1. A video motion quality evaluation method based on group-sensitive contrast regression is characterized by comprising the following steps:

step S1, selecting a corresponding example video and an example video score according to the current video;

step S2, performing spatio-temporal feature extraction on the current video and the example video respectively by using a deep learning model, and constructing a merged feature, which includes: respectively carrying out space-time information coding on the current video and the example video through the deep learning model, splicing the current video and the example video in a feature dimension, adding the example video score, and forming the merging feature together; and

step S3, a group-sensitive regression tree network is constructed, the merged features are regressed to obtain difference scores, after the difference scores are obtained, firstly, the whole range of the difference scores is distributed, each leaf node of the regression tree represents a specific difference score range, the sample balance in each range is ensured, for each node of the regression tree, comparing the difference score with the threshold value of the node once, the result is a two-class classification, the shunting probability of each layer is multiplied to obtain the final probability of the leaf node, the leaf node with the maximum probability is taken out, the difference score can be restricted to a specific subinterval from the whole interval, finally, the score regression in the subdistrict is carried out to obtain the final difference score, and combining the final difference score with the example video score to obtain a current video score.
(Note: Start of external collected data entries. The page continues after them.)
(* Let $(G,\cdot,\curlywedge,\xi,\delta)$ satisfy the standing assumptions below. A non-empty subset $H\subseteq G$ is $f_\xi$-closed if and only if for all $x,y,g_1,g_2\in G$: (i) $xy\in H\Rightarrow x\in H$; (ii) $g_1\vdash g_2\wedge g_1\in H\Rightarrow g_1g_2\in H$; (iii) $g_1\curlywedge g_2=g_1\in H\Rightarrow g_2\in H$; (iv) $g_1\downarrow g_2\wedge g_1\in H\wedge g_2x\in H\Rightarrow (g_1\curlywedge g_2)x\in H$, where in (iv) $x$ may also be the empty symbol (i.e. (iv) also holds with $x$ deleted).
   Context: Standing assumptions: $(G,\cdot)$ is a semigroup, $(G,\curlywedge)$ a semilattice on $G$, $\xi,\delta\subseteq G\times G$. Write $x\leqslant y$ iff $x\curlywedge y=x$ (semilattice order $\zeta$), $x\downarrow y$ iff $(x,y)\in\xi$, $x\vdash y$ iff $(x,y)\in\delta$. Assume $\xi$ is left regular ($(u,v)\in\xi\Rightarrow(xu,xv)\in\xi$), $\zeta\subseteq\xi$, $\delta$ is a left ideal ($(x,y)\in\delta\Rightarrow(ux,y)\in\delta$), and for all $x,y,z,u,v\in G$: $x(y\curlywedge z)=xy\curlywedge xz$; $x\leqslant y\wedge u\leqslant v\wedge y\downarrow v\Rightarrow u\downarrow x$; $x\downarrow y\Rightarrow(x\curlywedge y)u=xu\curlywedge yu$. $G^*=G\cup\{e\}$ is $(G,\cdot)$ with a new identity $e$ adjoined, with conventions $e\leqslant e$, $e\vdash e$, $x\vdash e$ for all $x\in G$. $a\boxdot b\leqslant c$ abbreviates $a\vdash b\wedge ab\leqslant c$. A subset $H\subseteq G$ is $f_\xi$-closed if for all $x,y,t\in G^*$ and $z,u,v\in G$: $u\downarrow v\wedge(u\curlywedge v)x\boxdot y\leqslant zt\wedge u\in H\wedge vx\in H\Rightarrow z\in H$. *)

theory Defs
  imports Main
begin

text \<open>The carrier G is the whole type 'a; mult is the semigroup product,
  meet the semilattice operation, xi and delta the two relations.
  G* = G \<union> {e} is modelled as 'a option, with None playing the role of e.\<close>

definition standing_assms ::
  "('a \<Rightarrow> 'a \<Rightarrow> 'a) \<Rightarrow> ('a \<Rightarrow> 'a \<Rightarrow> 'a) \<Rightarrow> ('a \<times> 'a) set \<Rightarrow> ('a \<times> 'a) set \<Rightarrow> bool" where
  "standing_assms mult meet xi delta \<longleftrightarrow>
     (\<forall>x y z. mult (mult x y) z = mult x (mult y z)) \<and>
     (\<forall>x y z. meet (meet x y) z = meet x (meet y z)) \<and>
     (\<forall>x y. meet x y = meet y x) \<and>
     (\<forall>x. meet x x = x) \<and>
     (\<forall>x u v. (u, v) \<in> xi \<longrightarrow> (mult x u, mult x v) \<in> xi) \<and>
     (\<forall>x y. meet x y = x \<longrightarrow> (x, y) \<in> xi) \<and>
     (\<forall>x y u. (x, y) \<in> delta \<longrightarrow> (mult u x, y) \<in> delta) \<and>
     (\<forall>x y z. mult x (meet y z) = meet (mult x y) (mult x z)) \<and>
     (\<forall>x y u v. meet x y = x \<and> meet u v = u \<and> (y, v) \<in> xi \<longrightarrow> (u, x) \<in> xi) \<and>
     (\<forall>x y u. (x, y) \<in> xi \<longrightarrow> mult (meet x y) u = meet (mult x u) (mult y u))"

fun emul :: "('a \<Rightarrow> 'a \<Rightarrow> 'a) \<Rightarrow> 'a option \<Rightarrow> 'a option \<Rightarrow> 'a option" where
  "emul mult None y = y"
| "emul mult (Some a) None = Some a"
| "emul mult (Some a) (Some b) = Some (mult a b)"

fun ele :: "('a \<Rightarrow> 'a \<Rightarrow> 'a) \<Rightarrow> 'a option \<Rightarrow> 'a option \<Rightarrow> bool" where
  "ele meet (Some a) (Some b) = (meet a b = a)"
| "ele meet None None = True"
| "ele meet _ _ = False"

fun evd :: "('a \<times> 'a) set \<Rightarrow> 'a option \<Rightarrow> 'a option \<Rightarrow> bool" where
  "evd delta (Some a) (Some b) = ((a, b) \<in> delta)"
| "evd delta _ None = True"
| "evd delta None (Some _) = False"

definition boxdot_le ::
  "('a \<Rightarrow> 'a \<Rightarrow> 'a) \<Rightarrow> ('a \<Rightarrow> 'a \<Rightarrow> 'a) \<Rightarrow> ('a \<times> 'a) set \<Rightarrow> 'a option \<Rightarrow> 'a option \<Rightarrow> 'a option \<Rightarrow> bool" where
  "boxdot_le mult meet delta a b c \<longleftrightarrow> evd delta a b \<and> ele meet (emul mult a b) c"

definition f_xi_closed ::
  "('a \<Rightarrow> 'a \<Rightarrow> 'a) \<Rightarrow> ('a \<Rightarrow> 'a \<Rightarrow> 'a) \<Rightarrow> ('a \<times> 'a) set \<Rightarrow> ('a \<times> 'a) set \<Rightarrow> 'a set \<Rightarrow> bool" where
  "f_xi_closed mult meet xi delta H \<longleftrightarrow>
     (\<forall>(x::'a option) (y::'a option) (t::'a option) (z::'a) (u::'a) (v::'a).
        (u, v) \<in> xi \<and>
        boxdot_le mult meet delta (emul mult (Some (meet u v)) x) y (emul mult (Some z) t) \<and>
        u \<in> H \<and> emul mult (Some v) x \<in> Some ` H
        \<longrightarrow> z \<in> H)"

end

theory Submission
  imports Defs
begin

text \<open>Taking the adjoined identity for some of x, y, t turns the defining implication of
  f_xi-closedness into each of the conditions (i)-(iv) separately. Conversely, an
  instance of the defining implication is a chain of memberships in H,
  from u, v x to (u \<curlywedge> v) x, (u \<curlywedge> v) x y, z t and finally z, each link given by one of the
  conditions (and trivial where the adjoined identity occurs).\<close>

definition closure_conditions ::
  "('a \<Rightarrow> 'a \<Rightarrow> 'a) \<Rightarrow> ('a \<Rightarrow> 'a \<Rightarrow> 'a) \<Rightarrow> ('a \<times> 'a) set \<Rightarrow> ('a \<times> 'a) set \<Rightarrow> 'a set \<Rightarrow> bool" where
  "closure_conditions mult meet xi delta H \<longleftrightarrow>
     (\<forall>x y. mult x y \<in> H \<longrightarrow> x \<in> H) \<and>
     (\<forall>g1 g2. (g1, g2) \<in> delta \<and> g1 \<in> H \<longrightarrow> mult g1 g2 \<in> H) \<and>
     (\<forall>g1 g2. meet g1 g2 = g1 \<and> g1 \<in> H \<longrightarrow> g2 \<in> H) \<and>
     (\<forall>g1 g2 x. (g1, g2) \<in> xi \<and> g1 \<in> H \<and> mult g2 x \<in> H \<longrightarrow> mult (meet g1 g2) x \<in> H) \<and>
     (\<forall>g1 g2. (g1, g2) \<in> xi \<and> g1 \<in> H \<and> g2 \<in> H \<longrightarrow> meet g1 g2 \<in> H)"

lemma standing_assms_meet_idem:
  assumes "standing_assms mult meet xi delta"
  shows "meet a a = a"
  using assms unfolding standing_assms_def by blast

lemma standing_assms_xi_refl:
  assumes "standing_assms mult meet xi delta"
  shows "(a, a) \<in> xi"
  using assms unfolding standing_assms_def by metis

lemma f_xi_closedD:
  assumes "f_xi_closed mult meet xi delta H"
    and "(u, v) \<in> xi" "u \<in> H" "emul mult (Some v) x \<in> Some ` H"
    and "boxdot_le mult meet delta (emul mult (Some (meet u v)) x) y (emul mult (Some z) t)"
  shows "z \<in> H"
  using assms unfolding f_xi_closed_def by blast

lemma f_xi_closed_imp_closure_conditions:
  assumes idem: "\<And>a. meet a a = a" and refl: "\<And>a. (a, a) \<in> xi"
    and closed: "f_xi_closed mult meet xi delta H"
  shows "closure_conditions mult meet xi delta H"
  unfolding closure_conditions_def
proof (intro conjI allI impI)
  fix x y assume "mult x y \<in> H"
  then show "x \<in> H"
    by (intro f_xi_closedD[OF closed, of "mult x y" "mult x y" None None x "Some y"])
      (auto simp: boxdot_le_def refl idem)
next
  fix g1 g2 assume "(g1, g2) \<in> delta \<and> g1 \<in> H"
  then show "mult g1 g2 \<in> H"
    by (intro f_xi_closedD[OF closed, of g1 g1 None "Some g2" "mult g1 g2" None])
      (auto simp: boxdot_le_def refl idem)
next
  fix g1 g2 assume "meet g1 g2 = g1 \<and> g1 \<in> H"
  then show "g2 \<in> H"
    by (intro f_xi_closedD[OF closed, of g1 g1 None None g2 None])
      (auto simp: boxdot_le_def refl idem)
next
  fix g1 g2 x assume "(g1, g2) \<in> xi \<and> g1 \<in> H \<and> mult g2 x \<in> H"
  then show "mult (meet g1 g2) x \<in> H"
    by (intro f_xi_closedD[OF closed, of g1 g2 "Some x" None "mult (meet g1 g2) x" None])
      (auto simp: boxdot_le_def idem)
next
  fix g1 g2 assume "(g1, g2) \<in> xi \<and> g1 \<in> H \<and> g2 \<in> H"
  then show "meet g1 g2 \<in> H"
    by (intro f_xi_closedD[OF closed, of g1 g2 None None "meet g1 g2" None])
      (auto simp: boxdot_le_def idem)
qed

lemma emul_meet_mem:
  assumes "\<forall>g1 g2 x. (g1, g2) \<in> xi \<and> g1 \<in> H \<and> mult g2 x \<in> H \<longrightarrow> mult (meet g1 g2) x \<in> H"
    and "\<forall>g1 g2. (g1, g2) \<in> xi \<and> g1 \<in> H \<and> g2 \<in> H \<longrightarrow> meet g1 g2 \<in> H"
    and "(u, v) \<in> xi" "u \<in> H" "emul mult (Some v) x \<in> Some ` H"
  shows "emul mult (Some (meet u v)) x \<in> Some ` H"
  using assms by (cases x) auto

lemma emul_evd_mem:
  assumes "\<forall>g1 g2. (g1, g2) \<in> delta \<and> g1 \<in> H \<longrightarrow> mult g1 g2 \<in> H"
    and "evd delta a y" "a \<in> Some ` H"
  shows "emul mult a y \<in> Some ` H"
  using assms by (cases y) auto

lemma ele_upward_mem:
  assumes "\<forall>g1 g2. meet g1 g2 = g1 \<and> g1 \<in> H \<longrightarrow> g2 \<in> H"
    and "ele meet b c" "b \<in> Some ` H"
  shows "c \<in> Some ` H"
  using assms by (cases c) auto

lemma emul_prefix_mem:
  assumes "\<forall>x y. mult x y \<in> H \<longrightarrow> x \<in> H"
    and "emul mult (Some z) t \<in> Some ` H"
  shows "z \<in> H"
  using assms by (cases t) auto

lemma closure_conditions_imp_f_xi_closed:
  assumes "closure_conditions mult meet xi delta H"
  shows "f_xi_closed mult meet xi delta H"
  using assms unfolding closure_conditions_def
proof (elim conjE)
  assume prefix: "\<forall>x y. mult x y \<in> H \<longrightarrow> x \<in> H"
    and delta_step: "\<forall>g1 g2. (g1, g2) \<in> delta \<and> g1 \<in> H \<longrightarrow> mult g1 g2 \<in> H"
    and upward: "\<forall>g1 g2. meet g1 g2 = g1 \<and> g1 \<in> H \<longrightarrow> g2 \<in> H"
    and meet_mult: "\<forall>g1 g2 x. (g1, g2) \<in> xi \<and> g1 \<in> H \<and> mult g2 x \<in> H
      \<longrightarrow> mult (meet g1 g2) x \<in> H"
    and meet: "\<forall>g1 g2. (g1, g2) \<in> xi \<and> g1 \<in> H \<and> g2 \<in> H \<longrightarrow> meet g1 g2 \<in> H"
  show "f_xi_closed mult meet xi delta H"
    unfolding f_xi_closed_def boxdot_le_def
  proof (intro allI impI, elim conjE)
    fix x y t z u v
    assume uv: "(u, v) \<in> xi" "u \<in> H" "emul mult (Some v) x \<in> Some ` H"
      and related: "evd delta (emul mult (Some (meet u v)) x) y"
      and below: "ele meet (emul mult (emul mult (Some (meet u v)) x) y) (emul mult (Some z) t)"
    have "emul mult (Some (meet u v)) x \<in> Some ` H"
      by (rule emul_meet_mem[OF meet_mult meet uv])
    then have "emul mult (emul mult (Some (meet u v)) x) y \<in> Some ` H"
      by (rule emul_evd_mem[OF delta_step related])
    then have "emul mult (Some z) t \<in> Some ` H"
      by (rule ele_upward_mem[OF upward below])
    then show "z \<in> H"
      by (rule emul_prefix_mem[OF prefix])
  qed
qed

theorem proposition4:
  fixes mult meet :: "'a \<Rightarrow> 'a \<Rightarrow> 'a" and xi delta :: "('a \<times> 'a) set" and H :: "'a set"
  assumes "standing_assms mult meet xi delta"
    and "H \<noteq> {}"
  shows "f_xi_closed mult meet xi delta H \<longleftrightarrow>
    ((\<forall>x y. mult x y \<in> H \<longrightarrow> x \<in> H) \<and>
     (\<forall>g1 g2. (g1, g2) \<in> delta \<and> g1 \<in> H \<longrightarrow> mult g1 g2 \<in> H) \<and>
     (\<forall>g1 g2. meet g1 g2 = g1 \<and> g1 \<in> H \<longrightarrow> g2 \<in> H) \<and>
     (\<forall>g1 g2 x. (g1, g2) \<in> xi \<and> g1 \<in> H \<and> mult g2 x \<in> H \<longrightarrow> mult (meet g1 g2) x \<in> H) \<and>
     (\<forall>g1 g2. (g1, g2) \<in> xi \<and> g1 \<in> H \<and> g2 \<in> H \<longrightarrow> meet g1 g2 \<in> H))"
  unfolding closure_conditions_def[symmetric]
proof
  have "meet a a = a" and "(a, a) \<in> xi" for a
    using assms(1) by (rule standing_assms_meet_idem, rule standing_assms_xi_refl)
  then show "f_xi_closed mult meet xi delta H \<Longrightarrow> closure_conditions mult meet xi delta H"
    by (rule f_xi_closed_imp_closure_conditions)
qed (rule closure_conditions_imp_f_xi_closed)

end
2. The method of claim 1, wherein each leaf node in the cluster-sensitive regression tree network represents a predetermined difference score interval, and the samples in each interval are balanced.

3. The method of claim 2, wherein the cluster-sensitive regression tree network performs cluster sensitivity analysis on each leaf node to obtain a classification probability and a relative position in the group.

4. A video motion quality evaluation system based on group-sensitive contrast regression is characterized by comprising:

a selection module for selecting a corresponding example video and an example video score according to a current video;

an extraction module, configured to perform spatio-temporal feature extraction on the current video and the example video respectively by using a deep learning model, and construct a merged feature, where the extraction module includes: respectively carrying out space-time information coding on the current video and the example video through the deep learning model, splicing the current video and the example video in a feature dimension, adding the example video score, and forming the merging feature together; and

a regression and score combination module, configured to construct a cluster-sensitive regression tree network, perform regression on the merged features to obtain a difference score, after obtaining the difference score, first allocate the whole region of the difference score to make each leaf node of the regression tree represent a specific difference score region and ensure sample balance in each region, perform a comparison between the difference score and a threshold of the node once for each node of the regression tree, so that the result is a binary classification, multiply the split probability of each layer to obtain a final probability of the leaf node, extract the leaf node with the highest probability, constrain the difference score from the whole region to a specific subinterval, perform score regression in the subinterval to obtain a final difference score, and combine the final difference score with the example video score, and obtaining the current video score.

5. The system of claim 4, wherein each leaf node in the cluster-sensitive regression tree network represents a predetermined variance score interval, and the samples in each interval are balanced.

6. The system of claim 5, wherein the cluster-sensitive regression tree network performs cluster sensitivity analysis on each leaf node to obtain classification probability and relative position in the group.